Multi-Cloud data management platform essentials
Now that data is being generated everywhere and stored in siloed locations, you need a holistic view across data stores like public cloud, cloud data warehouses, and on-premises environments. Multi-cloud data management platforms can provide this unified view of your decentralized data ecosystem. Below are essential data management capabilities to look for in a multi-cloud platform to help you achieve success.
- Connectivity and management across systems: The first essential capability is the ability to connect, catalog, and ingest from a multitude of data sources and systems. Whether you bring in third party data into a data lake, connect to an existing relational database, or migrate data to a cloud data warehouse, having a control plane that sits across these systems allows you to have complete visibility and control. With this layer of abstraction, you can standardize and automate data pipelines and push down processing to the appropriate cloud service provider, reducing costs and time to analytics.
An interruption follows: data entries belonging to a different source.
(* For $\beta = n^2$ and $\epsilon = \frac{1}{10}$, any $(1\pm\epsilon)$ for-each cut sketching algorithm for $n$-node $\beta$-balanced graphs must output $\Omega(n \beta^{1/2})$ bits in the worst case.
   Context: Let $G=(V,E,w)$ be a weighted directed graph with non-negative weights; $w(S,T)$ is the total weight of edges from $S$ to $T$ and $\overline S=V\setminus S$. $G$ is $\beta$-balanced if it is strongly connected and $w(S,\overline S)\le\beta\,w(\overline S,S)$ for all $\varnothing\ne S\subsetneq V$. A function $g$ outputs a $(1\pm\epsilon)$ for-each cut sketch of $G$ if there is a recovering function $f$ such that for each $S\subseteq V$, with probability at least $2/3$, $(1-\epsilon)w(S,\overline S)\le f(S,g(G))\le(1+\epsilon)w(S,\overline S)$. A for-each cut sketching algorithm for a class of graphs is such a $g$ working for every graph in the class; its output size is the number of bits of $g(G)$. *)

theory Defs
  imports "HOL-Probability.Probability_Mass_Function"
begin

text \<open>An n-node weighted digraph has vertex set V = {0..<n} and is given by a weight
function w, where w i j is the weight of the edge (i,j) (0 = no edge).
We require non-negative weights and zero weight outside V, so that the
representation of a graph is canonical.\<close>

definition wgraph :: "nat \<Rightarrow> (nat \<Rightarrow> nat \<Rightarrow> real) \<Rightarrow> bool" where
  "wgraph n w \<longleftrightarrow> (\<forall>i j. 0 \<le> w i j) \<and> (\<forall>i j. (i \<ge> n \<or> j \<ge> n) \<longrightarrow> w i j = 0)"

definition wset :: "(nat \<Rightarrow> nat \<Rightarrow> real) \<Rightarrow> nat set \<Rightarrow> nat set \<Rightarrow> real" where
  "wset w S T = (\<Sum>i\<in>S. \<Sum>j\<in>T. w i j)"

definition strongly_connected :: "nat \<Rightarrow> (nat \<Rightarrow> nat \<Rightarrow> real) \<Rightarrow> bool" where
  "strongly_connected n w \<longleftrightarrow>
     (\<forall>i<n. \<forall>j<n. (i, j) \<in> {(a, b). a < n \<and> b < n \<and> w a b > 0}\<^sup>*)"

definition balanced :: "nat \<Rightarrow> real \<Rightarrow> (nat \<Rightarrow> nat \<Rightarrow> real) \<Rightarrow> bool" where
  "balanced n \<beta> w \<longleftrightarrow> wgraph n w \<and> strongly_connected n w \<and>
     (\<forall>S. S \<noteq> {} \<and> S \<subset> {0..<n} \<longrightarrow>
        wset w S ({0..<n} - S) \<le> \<beta> * wset w ({0..<n} - S) S)"

definition foreach_cut_sketch ::
  "nat \<Rightarrow> real \<Rightarrow> real \<Rightarrow> ((nat \<Rightarrow> nat \<Rightarrow> real) \<Rightarrow> bool list pmf) \<Rightarrow> (nat set \<Rightarrow> bool list \<Rightarrow> real) \<Rightarrow> bool"
where
  "foreach_cut_sketch n \<beta> \<epsilon> g f \<longleftrightarrow>
     (\<forall>w. balanced n \<beta> w \<longrightarrow> (\<forall>S. S \<subseteq> {0..<n} \<longrightarrow>
        measure_pmf.prob (g w)
          {s. (1 - \<epsilon>) * wset w S ({0..<n} - S) \<le> f S s \<and>
              f S s \<le> (1 + \<epsilon>) * wset w S ({0..<n} - S)} \<ge> 2/3))"

end

theory Submission
  imports Defs
begin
- Standardized governance: When data is siloed or sprawled across an organization, data governance becomes problematic. With a unified view or control plane set up across your environments, you can create governance policies and actions that standardize governance across the various systems. A common use case for our customers is the need to build golden customer records from disparate source systems. With a unified multi-cloud data management platform, you are able to connect to data in the various source systems, then merge and link customer data, even in the absence of unique identifiers, by applying a combination of deterministic rules and probabilistic machine learning algorithms. Data profiling and classification can automatically flag and obfuscate sensitive customer data, creating high-quality and reliable golden customer records that are also compliant with consumer protection regulations. In addition to data quality, mastering, and obfuscating sensitive data, a unified data governance platform also needs to include data lineage and role-based access controls.
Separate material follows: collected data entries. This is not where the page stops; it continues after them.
lemma algebraic_relation_over_alg_indep_on:
  assumes K: "subfield K" and indep: "alg_indep_on K g J"
    and f: "coeffs_in K f" "mvars f \<subseteq> insert j J" "msubst f g = 0" "f \<noteq> 0"
  obtains e c r where "1 \<le> e" "c \<in> subalg_gen K g J" "c \<noteq> 0" "\<And>l. r l \<in> subalg_gen K g J"
    "c * g j ^ e = (\<Sum>l<e. g j ^ l * r l)"
proof -
  obtain E fe where E: "finite E" and dec: "f = (\<Sum>e\<in>E. mvar j ^ e * fe e)"
    and j: "\<And>e. j \<notin> mvars (fe e)" and fe: "\<And>e. mvars (fe e) \<subseteq> mvars f"
    and fe_coeffs: "\<And>K e. subfield K \<Longrightarrow> coeffs_in K f \<Longrightarrow> coeffs_in K (fe e)"
    by (rule mpoly_expand_var[of f j]) blast
  have fe_K: "coeffs_in K (fe e)" and fe_J: "mvars (fe e) \<subseteq> J" for e
    using fe_coeffs[OF K f(1)] fe[of e] j[of e] f(2) by auto
  define E' where "E' = {e\<in>E. fe e \<noteq> 0}"
  have "finite E'"
    using E by (simp add: E'_def)
  moreover have "E' \<noteq> {}"
  proof
    assume "E' = {}"
    then have "f = 0"
      using dec by (auto simp: E'_def)
    then show False
      using f(4) by simp
  qed
  ultimately have "Max E' \<in> E'" "\<And>e. e \<in> E' \<Longrightarrow> e \<le> Max E'"
    by simp_all
  then obtain t where t: "t \<in> E" "fe t \<noteq> 0" and above: "\<And>e. e \<in> E \<Longrightarrow> t < e \<Longrightarrow> fe e = 0"
    unfolding E'_def by (metis (mono_tags, lifting) leD mem_Collect_eq)
  define r where "r l = (if l \<in> E then - msubst (fe l) g else 0)" for l
  have rel: "msubst (fe t) g * g j ^ t = (\<Sum>l<t. g j ^ l * r l)"
    unfolding r_def using f(3) msubst_expand_var[OF dec, of g] above
    by (intro sum_powers_eq_0_lead_term[OF E _ t(1)]) auto
  have lead: "msubst (fe t) g \<noteq> 0"
    using indep fe_K fe_J t(2) unfolding alg_indep_on_def by blast
  have "r l \<in> subalg_gen K g J" for l
    using coeffs_in_uminus[OF K fe_K] coeffs_in_0[OF K] fe_J[of l]
    unfolding r_def subalg_gen_def by (force simp: msubst_minus[symmetric] mvars_def)
  moreover have "1 \<le> t"
    using rel lead by (cases t) auto
  ultimately show thesis
    using that rel lead fe_K fe_J unfolding subalg_gen_def by blast
qed

lemma alg_indep_le_card_maximal_alg_indep_on:
  assumes K: "subfield K" and J: "J \<subseteq> {..<N}" and indep: "alg_indep_on K g J"
    and maximal: "\<And>j. j < N \<Longrightarrow> j \<notin> J \<Longrightarrow> \<not> alg_indep_on K g (insert j J)"
    and u: "\<forall>i<k. u i \<in> gen_alg K N g" "alg_indep K k u"
  shows "k \<le> card J"
proof -
  define R where "R j e c r \<longleftrightarrow> 1 \<le> e \<and> c \<in> subalg_gen K g J \<and> c \<noteq> 0 \<and>
      (\<forall>l. r l \<in> subalg_gen K g J) \<and> c * g j ^ e = (\<Sum>l<e. g j ^ l * r l)"
    for j e c and r :: "nat \<Rightarrow> 'a mpoly"
  have "\<forall>j. \<exists>e c r. j < N \<longrightarrow> j \<notin> J \<longrightarrow> R j e c r"
  proof (intro allI impI)
    fix j
    show "\<exists>e c r. j < N \<longrightarrow> j \<notin> J \<longrightarrow> R j e c r"
    proof (cases "j < N \<and> j \<notin> J")
      case True
      then obtain f where "coeffs_in K f" "mvars f \<subseteq> insert j J" "msubst f g = 0" "f \<noteq> 0"
        using maximal unfolding alg_indep_on_def by blast
      then show ?thesis
        by (rule algebraic_relation_over_alg_indep_on[OF K indep]) (auto simp: R_def)
    qed blast
  qed
  then obtain e where "\<forall>j. \<exists>c r. j < N \<longrightarrow> j \<notin> J \<longrightarrow> R j (e j) c r"
    by (rule choice[THEN exE])
  then obtain c where "\<forall>j. \<exists>r. j < N \<longrightarrow> j \<notin> J \<longrightarrow> R j (e j) (c j) r"
    by (rule choice[THEN exE])
  then obtain r where "\<forall>j. j < N \<longrightarrow> j \<notin> J \<longrightarrow> R j (e j) (c j) (r j)"
    by (rule choice[THEN exE])
  then interpret algebraic_over_subfamily K g N J e c r
    using K J by unfold_locales (auto simp: R_def)
  show ?thesis
    using not_alg_indep_if_card_gt[of k u] u by (meson not_le)
qed

lemma ex_alg_indep_card_alg_indep_on:
  assumes K: "subfield K" and J: "J \<subseteq> {..<N}" and indep: "alg_indep_on K g J"
  shows "\<exists>u. (\<forall>i<card J. u i \<in> gen_alg K N g) \<and> alg_indep K (card J) u"
proof -
  have "finite J"
    using J finite_lessThan by (rule finite_subset)
  then obtain \<phi> where \<phi>: "bij_betw \<phi> {..<card J} J"
    by (metis ex_bij_betw_nat_finite atLeast0LessThan)
  have "g (\<phi> i) \<in> gen_alg K N g" if "i < card J" for i
  proof -
    have "\<phi> i < N"
      using bij_betwE[OF \<phi>] that J by blast
    then have "mvar (\<phi> i) \<in> poly_over K N"
      using mvars_mvar[of "\<phi> i"] by (auto simp: poly_over_iff[OF K] coeffs_in_mvar[OF K])
    moreover have "g (\<phi> i) = msubst (mvar (\<phi> i)) g"
      by simp
    ultimately show ?thesis
      unfolding gen_alg_def by blast
  qed
  moreover have "alg_indep_on K (\<lambda>i. g (\<phi> i)) {..<card J}"
  proof (subst alg_indep_on_reindex[OF K])
    show "the_inv_into {..<card J} \<phi> (\<phi> i) = i" if "i \<in> {..<card J}" for i
      using bij_betw_imp_inj_on[OF \<phi>] that by (rule the_inv_into_f_f)
    show "alg_indep_on K g (\<phi> ` {..<card J})"
      unfolding bij_betw_imp_surj_on[OF \<phi>] by (rule indep)
  qed
  then have "alg_indep K (card J) (\<lambda>i. g (\<phi> i))"
    by (simp add: alg_indep_iff_alg_indep_on[OF K])
  ultimately show ?thesis
    by (intro exI[of _ "\<lambda>i. g (\<phi> i)"]) simp
qed

lemma trdeg_eq_card_maximal_alg_indep_on:
  assumes K: "subfield K" and J: "J \<subseteq> {..<N}" and indep: "alg_indep_on K g J"
    and maximal: "\<And>j. j < N \<Longrightarrow> j \<notin> J \<Longrightarrow> \<not> alg_indep_on K g (insert j J)"
  shows "trdeg K N g = card J"
proof -
  define S where "S = {k. \<exists>u. (\<forall>i<k. u i \<in> gen_alg K N g) \<and> alg_indep K k u}"
  have le: "k \<le> card J" if "k \<in> S" for k
    using that alg_indep_le_card_maximal_alg_indep_on[OF K J indep maximal] unfolding S_def by blast
  moreover have "card J \<in> S"
    unfolding S_def using ex_alg_indep_card_alg_indep_on[OF K J indep] by blast
  moreover have "finite S"
    by (rule finite_subset[of _ "{..card J}"]) (use le in auto)
  ultimately have "Max S = card J"
    by (intro Max_eqI) auto
  then show ?thesis
    by (simp add: trdeg_def S_def)
qed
- Self-service data access: With the proper governance in place, you are able to truly empower data democratization by providing self-service data access to your data consumers through a governed data marketplace. Traditionally, data consumers would request data sets from IT. Increasing requests results in increased wait time, provoking the risk of data being stale and no longer usable for its intended use case. With a self-service data marketplace, data consumers can search for relevant, trusted data through an e-commerce-like experience before preparing and provisioning the data with an analytics tool or sandbox environment, increasing the time to analytics while reducing the burden on IT.
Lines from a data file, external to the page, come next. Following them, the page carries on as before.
(* For every two integers $a,b$ with $2\le a\le b$, there exists a finite, simple, connected graph $G$ of order $b$ with $\dim_{wt}(G)=a$.
   Context: $d(x,y)$ is the shortest-path distance. A set $W\subseteq V(G)$ is a resolving set if for every two distinct vertices $y,z$ there is $x\in W$ with $d(y,x)\ne d(z,x)$. A set $W$ is a weak total resolving set (WTR-set) if $W$ is resolving and, for every $w\in W$ and every $x\in V(G)\setminus W$, there is $w'\in W\setminus\{w\}$ with $d(x,w')\ne d(w,w')$. $\dim_{wt}(G)$ is the minimum cardinality of a WTR-set. *)

theory Defs
  imports Main
begin

definition simple_graph :: "'a set \<Rightarrow> ('a \<Rightarrow> 'a \<Rightarrow> bool) \<Rightarrow> bool" where
  "simple_graph V E \<longleftrightarrow> finite V \<and>
     (\<forall>x y. E x y \<longrightarrow> x \<in> V \<and> y \<in> V) \<and>
     (\<forall>x y. E x y \<longrightarrow> E y x) \<and> (\<forall>x. \<not> E x x)"

definition walk :: "'a set \<Rightarrow> ('a \<Rightarrow> 'a \<Rightarrow> bool) \<Rightarrow> 'a list \<Rightarrow> bool" where
  "walk V E xs \<longleftrightarrow> xs \<noteq> [] \<and> set xs \<subseteq> V \<and>
     (\<forall>i. Suc i < length xs \<longrightarrow> E (xs ! i) (xs ! Suc i))"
- Optimization through unified DataOps: The next multi-cloud essential is leveraging DataOps as your data management approach. DataOps combines operations management with the agile methodologies of DevOps and views the data journey from source to consumer as a supply chain where various steps may be streamlined or automated to improve efficiency. The key to this success is to have consistent feedback on supply chain performance. A modern multi-cloud DataOps platform allows you to generate insights on data usage, costs, platform performance and begin making decisions around what should be processed where and how to improve the overall performance of your data supply chain to reduce costs, improve efficiency and improve the outcomes of your AI/ML initiatives.
Conclusion
There are many advantages to adopting a multi-cloud data architecture. Multi-cloud has become a reality for many organizations today as fit-for-use implementations have popped up across their organizations. With the right data management platform in place, you’ll have a unified view and control over your siloed, decentralized ecosystem. By leveraging DataOps as your data management methodology, you’ll begin automating and improving your data supply chain to improve efficiency and reduce time to analytics.